雷莫芦单抗联合化疗作为二线治疗对接受检查点抑制剂和化疗作为一线治疗的晚期胃或胃食管连接部腺癌患者的疗效

FOLFOX 加纳武单抗代表了 PD-L1 表达阳性的晚期胃食管癌 (aGEC) 的一线治疗标准。进展为免疫化疗后,使用雷莫芦单抗 (RAM) 联合化疗进行二线 VEGFR-2 抑制的疗效仍不清楚。对一线 FOLFOX 加纳武单抗和易普利姆玛治疗失败后参加随机 II 期 AIO-STO-0417 试验的 aGEC 患者的医疗记录进行了回顾性分析。根据二线治疗将患者分为两组:RAM加化疗(RAM组)或不使用RAM治疗(对照组)。其中包括八十三名患者。在总体人群中,RAM 组的无进展生存期 (PFS) 优于对照组(4.5 个月 vs 2.9 个月)。

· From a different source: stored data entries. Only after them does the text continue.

lemma card_le_3_card_low_degree:
  assumes "finite I" "A \<subseteq> PiE I (\<lambda>_. {..<D})" "sunflower_free_on I A"
  shows "card A \<le> 3 * card (low_degree I D)"
proof -
  define P where "P = PiE I (\<lambda>_. term_indices D)"
  define low where "low e \<longleftrightarrow> 3 * mon_degree I e \<le> 2 * card I" for e :: "'a \<Rightarrow> nat"
  define coef where "coef \<tau> = (\<Prod>i\<in>I. ecoeff3 sunflower_kernel (\<tau> i))" for \<tau>
  let ?e1 = "\<lambda>\<tau>. fst \<circ> \<tau>" and ?e2 = "\<lambda>\<tau>. fst \<circ> snd \<circ> \<tau>" and ?e3 = "\<lambda>\<tau>. snd \<circ> snd \<circ> \<tau>"
  \<comment> \<open>Each term is sliced along a variable in which its monomial has low degree.\<close>
  define G1 where "G1 = {\<tau>\<in>P. low (?e1 \<tau>)}"
  define G2 where "G2 = {\<tau>\<in>P. \<not> low (?e1 \<tau>) \<and> low (?e2 \<tau>)}"
  define G3 where "G3 = {\<tau>\<in>P. \<not> low (?e1 \<tau>) \<and> \<not> low (?e2 \<tau>)}"
  have "finite P" unfolding P_def using \<open>finite I\<close> finite_term_indices by (simp add: finite_PiE)
  then have fin: "finite G1" "finite G2" "finite G3" unfolding G1_def G2_def G3_def by auto
  have G3_low: "low (?e3 \<tau>)" if "\<tau> \<in> G3" for \<tau>
    using that mon_degree_terms_le[OF \<open>finite I\<close>, of \<tau> D] unfolding G3_def P_def low_def by auto
  have "finite A"
    using finite_subset[OF assms(2)] assms(1) by (simp add: finite_PiE)
  have decomp: "(if x = y \<and> y = z then (- 2) ^ card I else 0) =
      (\<Sum>\<tau>\<in>G1. monomial I (?e1 \<tau>) x * (coef \<tau> * monomial I (?e2 \<tau>) y * monomial I (?e3 \<tau>) z)) +
      (\<Sum>\<tau>\<in>G2. monomial I (?e2 \<tau>) y * (coef \<tau> * monomial I (?e1 \<tau>) x * monomial I (?e3 \<tau>) z)) +
      (\<Sum>\<tau>\<in>G3. monomial I (?e3 \<tau>) z * (coef \<tau> * monomial I (?e1 \<tau>) x * monomial I (?e2 \<tau>) y))"
    if "x \<in> A" "y \<in> A" "z \<in> A" for x y z
  proof -
    have "P = G1 \<union> G2 \<union> G3" "G1 \<inter> G2 = {}" "(G1 \<union> G2) \<inter> G3 = {}"
      unfolding G1_def G2_def G3_def by auto
    then have "(\<Sum>\<tau>\<in>P. F \<tau>) = (\<Sum>\<tau>\<in>G1. F \<tau>) + (\<Sum>\<tau>\<in>G2. F \<tau>) + (\<Sum>\<tau>\<in>G3. F \<tau>)" for F :: "_ \<Rightarrow> real"
      using fin by (simp add: sum.union_disjoint)
    moreover have "(if x = y \<and> y = z then (- 2) ^ card I else 0) = sunflower_tensor I x y z"
      using sunflower_tensor_on_sunflower_free[OF \<open>finite I\<close> assms(3) _ that] assms(2)
      by (auto simp: PiE_def)
    moreover have "sunflower_tensor I x y z = (\<Sum>\<tau>\<in>P.
        coef \<tau> * monomial I (?e1 \<tau>) x * monomial I (?e2 \<tau>) y * monomial I (?e3 \<tau>) z)"
      unfolding P_def coef_def using that assms(2)
      by (intro sunflower_tensor_expansion[OF \<open>finite I\<close>]) auto
    ultimately show ?thesis by (simp add: mult_ac)
  qed
  have "card A \<le> card ((\<lambda>\<tau>. monomial I (?e1 \<tau>)) ` G1) + card ((\<lambda>\<tau>. monomial I (?e2 \<tau>)) ` G2)
      + card ((\<lambda>\<tau>. monomial I (?e3 \<tau>)) ` G3)"
    by (rule card_le_slice_decomposition[where c = "\<lambda>_. (- 2) ^ card I", OF \<open>finite A\<close> fin _ decomp]) simp_all
  moreover have "card ((\<lambda>\<tau>. monomial I (?e1 \<tau>)) ` G1) \<le> card (low_degree I D)"
    using \<open>finite I\<close>
    by (intro card_monomial_image_le restrict_term_exponent_in_low_degree) (auto simp: G1_def P_def low_def term_indices_def)
  moreover have "card ((\<lambda>\<tau>. monomial I (?e2 \<tau>)) ` G2) \<le> card (low_degree I D)"
    using \<open>finite I\<close>
    by (intro card_monomial_image_le restrict_term_exponent_in_low_degree) (auto simp: G2_def P_def low_def term_indices_def)
  moreover have "card ((\<lambda>\<tau>. monomial I (?e3 \<tau>)) ` G3) \<le> card (low_degree I D)"
    using \<open>finite I\<close> G3_low
    by (intro card_monomial_image_le restrict_term_exponent_in_low_degree) (auto simp: G3_def P_def low_def term_indices_def)
  ultimately show ?thesis by linarith
qed

lemma sunflower_free_on_tensor_power:
  fixes A :: "('i \<Rightarrow> nat) set"
  assumes "A \<subseteq> PiE I (\<lambda>_. {..<D})" "sunflower_free_on I A"
  obtains B where "B \<subseteq> PiE (I \<times> {..<m}) (\<lambda>_. {..<D})" "sunflower_free_on (I \<times> {..<m}) B"
    "card B = card A ^ m"
proof -
  define glue :: "(nat \<Rightarrow> 'i \<Rightarrow> nat) \<Rightarrow> 'i \<times> nat \<Rightarrow> nat"
    where "glue xs = restrict (\<lambda>(i, j). xs j i) (I \<times> {..<m})" for xs
  define As where "As = PiE {..<m} (\<lambda>_. A)"
  have "A \<subseteq> extensional I"
    using assms(1) by (auto simp: PiE_def)
  have differ: "\<exists>j<m. xs j \<noteq> ys j" if "xs \<in> As" "ys \<in> As" "xs \<noteq> ys" for xs ys
    using that PiE_ext[of xs "{..<m}" "\<lambda>_. A" ys] unfolding As_def by auto
  have "inj_on glue As"
  proof (rule inj_onI)
    fix xs ys assume xs: "xs \<in> As" and ys: "ys \<in> As" and "glue xs = glue ys"
    then have "xs j i = ys j i" if "i \<in> I" "j < m" for i j
      using that unfolding glue_def by (metis (no_types) case_prod_conv mem_Sigma_iff lessThan_iff restrict_apply')
    then have "xs j = ys j" if "j < m" for j
      using that xs ys \<open>A \<subseteq> extensional I\<close> unfolding As_def by (intro extensionalityI) auto
    then show "xs = ys"
      using xs ys unfolding As_def by (intro PiE_ext) auto
  qed
  show ?thesis
  proof
    show "glue ` As \<subseteq> PiE (I \<times> {..<m}) (\<lambda>_. {..<D})"
      using assms(1) unfolding glue_def As_def by (auto simp: restrict_PiE_iff PiE_iff)
    show "card (glue ` As) = card A ^ m"
      using card_image[OF \<open>inj_on glue As\<close>] unfolding As_def by (simp add: card_PiE)
    show "sunflower_free_on (I \<times> {..<m}) (glue ` As)"
      unfolding sunflower_free_on_def
    proof (intro ballI impI)
      fix b1 b2 b3 assume "b1 \<in> glue ` As" "b2 \<in> glue ` As" "b3 \<in> glue ` As"
        and distinct: "b1 \<noteq> b2 \<and> b2 \<noteq> b3 \<and> b1 \<noteq> b3"
      then obtain xs ys zs where xyz: "xs \<in> As" "ys \<in> As" "zs \<in> As"
        and b: "b1 = glue xs" "b2 = glue ys" "b3 = glue zs"
        by blast
      then obtain j where "j < m" "xs j \<noteq> ys j"
        using differ distinct by blast
      moreover have "xs j \<in> A" "ys j \<in> A" "zs j \<in> A"
        using xyz \<open>j < m\<close> unfolding As_def by auto
      ultimately obtain i where "i \<in> I" "exactly_two_eq (xs j i) (ys j i) (zs j i)"
        using sunflower_free_on_not_all_eq[OF assms(2) \<open>A \<subseteq> extensional I\<close>] by metis
      with \<open>j < m\<close> b show "\<exists>ij\<in>I \<times> {..<m}. exactly_two_eq (b1 ij) (b2 ij) (b3 ij)"
        unfolding glue_def by (intro bexI[of _ "(i, j)"]) auto
    qed
  qed
qed

lemma le_if_powers_le_const_mult:
  fixes r K C :: real
  assumes "K > 0" "\<And>m. r ^ m \<le> C * K ^ m"
  shows "r \<le> K"
proof (rule ccontr)
  assume "\<not> r \<le> K"
  with assms(1) have "r / K > 1" by simp
  then obtain m where "C < (r / K) ^ m" using real_arch_pow by blast
  with assms(1) have "C * K ^ m < r ^ m" by (simp add: power_divide field_simps)
  with assms(2)[of m] show False by simp
qed

lemma sunflower_free_on_card_le:
  fixes A :: "('i \<Rightarrow> nat) set"
  assumes "finite I" "D \<ge> 3" "A \<subseteq> PiE I (\<lambda>_. {..<D})" "sunflower_free_on I A"
  shows "real (card A) \<le> sunflower_base D ^ card I"
proof (rule le_if_powers_le_const_mult)
  show "sunflower_base D ^ card I > 0"
    using assms(2) by (simp add: sunflower_base_def)
  fix m
  \<comment> \<open>Tensor power trick: the constant factor 3 is lost only once for A^m.\<close>
  obtain B where B: "B \<subseteq> PiE (I \<times> {..<m}) (\<lambda>_. {..<D})" "sunflower_free_on (I \<times> {..<m}) B"
      "card B = card A ^ m"
    using sunflower_free_on_tensor_power[OF assms(3,4)] by blast
  have "real (card A) ^ m = real (card B)"
    using B(3) by simp
  also have "\<dots> \<le> 3 * real (card (low_degree (I \<times> {..<m}) D))"
    using card_le_3_card_low_degree[OF _ B(1,2)] \<open>finite I\<close> by simp
  also have "\<dots> \<le> 3 * sunflower_base D ^ card (I \<times> {..<m})"
    using card_low_degree_le[of "I \<times> {..<m}" D] \<open>finite I\<close> assms(2) by simp
  also have "\<dots> = 3 * (sunflower_base D ^ card I) ^ m"
    by (simp add: card_cartesian_product power_mult)
  finally show "real (card A) ^ m \<le> 3 * (sunflower_base D ^ card I) ^ m" .
qed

对接受包含二线治疗的 RAM 的一线免疫化疗有反应的患者 (CR/PR) 自一线治疗开始后 OS 延长(28.9 个月 vs 16.5 个月),二线 OS 延长(9.6 个月 vs 7.5 个月),PFS 也延长与对照组相比,(5.6 个月 vs 2.9 个月)和 DCR(53% vs 29%)。 RAM 和对照组的 PD-L1 CPS ≥1 分别为 42% 和 44%。与对照组相比,RAM 组 CPS ≥1 的患者表现出更好的肿瘤控制(ORR 25% vs 10%)和改善的生存率(总 OS 11.5 vs 8.0 个月;二线 OS 6.5 vs 3.9 个月;PFS 4.5 vs 1.6 个月)控制。先前接触一线 FOLFOX 加双重检查点抑制,随后 RAM 加化疗显示出良好的反应和生存率,特别是在具有初始反应和阳性 PD-L1 表达的患者中,并且有潜力推进 aGEC 的治疗模式。